In Nicaragua I set out with a friend to explore the Rio San Juan, once known as the Nicaragua Route, as it was favored by the Americans over the current Panama Canal. The Nicaragua Route was never developed. We spent almost two weeks on the Rio San Juan in a combination of ferries, fast river boats and dug out canoes. This rustic river covers 120 miles with only three large villages; places that seem hardly changed since gold miners took the route in the 1850's. I never thought I would get so much out of walking in the steps of history. It was one of the highlights of my journey so far.

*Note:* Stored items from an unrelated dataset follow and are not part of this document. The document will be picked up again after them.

lemma bar_dist_diagonal_padding_le:
  assumes bars: "is_barcode A" "is_barcode B" and n: "n = max (length A) (length B)"
    and \<gamma>: "\<gamma> permutes {..<n}" and A': "A' \<in> paddings A n" and B': "B' \<in> paddings B n"
    and i: "i < n"
  shows "bar_dist (diagonal_padding A B n \<gamma> ! i) (diagonal_padding B A n (inv \<gamma>) ! \<gamma> i)
           \<le> bar_dist (A' ! i) (B' ! \<gamma> i)"
proof -
  obtain ts where ts: "A' = A @ map (\<lambda>t. (t, t)) ts" "length A + length ts = n"
    using A' unfolding paddings_def by auto
  obtain us where us: "B' = B @ map (\<lambda>t. (t, t)) us" "length B + length us = n"
    using B' unfolding paddings_def by auto
  have \<gamma>i: "\<gamma> i < n" and inv: "inv \<gamma> (\<gamma> i) = i"
    using i permutes_in_image[OF \<gamma>] permutes_inverses(2)[OF \<gamma>] by auto
  show ?thesis
  proof (cases "i < length A")
    case A_i: True
    then have A_i: "diagonal_padding A B n \<gamma> ! i = A ! i" "A' ! i = A ! i"
      by (simp_all add: diagonal_padding_def ts(1) nth_append)
    show ?thesis
    proof (cases "\<gamma> i < length B")
      case True
      then have "diagonal_padding B A n (inv \<gamma>) ! \<gamma> i = B' ! \<gamma> i"
        by (simp add: diagonal_padding_def us(1) nth_append)
      then show ?thesis by (simp add: A_i)
    next
      case False
      have "fst (A ! i) \<le> snd (A ! i)" using bars(1) \<open>i < length A\<close> by (auto simp: is_barcode_def)
      moreover have "B' ! \<gamma> i = (us ! (\<gamma> i - length B), us ! (\<gamma> i - length B))"
        using False \<gamma>i us by (simp add: nth_append_diagonal)
      ultimately show ?thesis
        using False \<gamma>i bar_dist_diagonal_midpoint_le[of "A ! i"]
        by (simp add: A_i nth_diagonal_padding inv bar_dist_commute)
    qed
  next
    case False
    then have "length B = n" "length A \<le> i" using n i by auto
    then have B_\<gamma>i: "diagonal_padding B A n (inv \<gamma>) ! \<gamma> i = B ! \<gamma> i" "B' ! \<gamma> i = B ! \<gamma> i"
      using \<gamma>i by (simp_all add: diagonal_padding_def us(1) nth_append)
    have "fst (B ! \<gamma> i) \<le> snd (B ! \<gamma> i)"
      using bars(2) \<gamma>i \<open>length B = n\<close> by (auto simp: is_barcode_def)
    moreover have "A' ! i = (ts ! (i - length A), ts ! (i - length A))"
      using \<open>length A \<le> i\<close> i ts by (simp add: nth_append_diagonal)
    ultimately show ?thesis
      using i bar_dist_diagonal_midpoint_le[of "B ! \<gamma> i"] \<open>length A \<le> i\<close>
      by (simp add: B_\<gamma>i nth_diagonal_padding)
  qed
qed

lemma match_cost_diagonal_padding_le:
  assumes "is_barcode A" "is_barcode B" "n = max (length A) (length B)"
    and "\<gamma> permutes {..<n}" "A' \<in> paddings A n" "B' \<in> paddings B n"
  shows "match_cost n (diagonal_padding A B n \<gamma>) (diagonal_padding B A n (inv \<gamma>)) \<gamma>
           \<le> match_cost n A' B' \<gamma>"
proof (cases "n = 0")
  case False
  have "bar_dist (diagonal_padding A B n \<gamma> ! i) (diagonal_padding B A n (inv \<gamma>) ! \<gamma> i)
      \<le> match_cost n A' B' \<gamma>" if "i < n" for i
    using bar_dist_diagonal_padding_le[OF assms that] bar_dist_le_match_cost[OF that]
    by (rule order_trans)
  with False show ?thesis
    unfolding match_cost_eq_Max_bar_dist[of n "diagonal_padding A B n \<gamma>"]
    by (intro Max.boundedI) auto
qed (simp add: match_cost_def)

Costa Rica had stunning natural beauty. The Osa Peninsula on the Pacific Ocean had the highest concentration of rare animals, the same ones I had so much trouble spotting in other parts of Central America. In Osa you would literally trip over the wildlife on a sleepy morning walk. It was almost too easy. As friendly, helpful and polite as the people of Costa Rica were their culture seemed to lack something when compared with others in the region.

In Costa Rica bolts and rivets were used to construct, not nails and wire. Weed whackers to trim grass not long machetes. In the main parks there was a curious absence of small children selling candy by-the-piece; there were no shoe shine boys and no street food vendors. There were no flies to complain of and something very rare -construction projects were completed. Because of these things I am less than enamoured with Costa Rica.

In Central America the countryside can be stunning especially the mountain communities where coffee is grown. These places won my heart over and over. If I was a city-boy, then to live in Panama City, Panama would be at the top of the list, it has a wonderful mix of old and new and a culture that pulls it all together.

One thing I do not miss in North America is rampant materialism. In Latin America I have escaped the viciousness of materialism, shallow culture and ruthless careerism. In North America listen to the people around you: they talk about stuff. The subject of money encapsulates the the American conversation. It does not in Central America -people are first. Travel has renewed my belief in humanity and it has humbled me.

On occasion I reflect that if I ever lost the truck for any host of reasons I would promptly turn to a motorcycle and continue the journey; a consideration that does not feel bad because it would force me to travel even lighter. Charles Bukowski said it best, Everything you own must be able to fit inside one suitcase; then your mind might be free.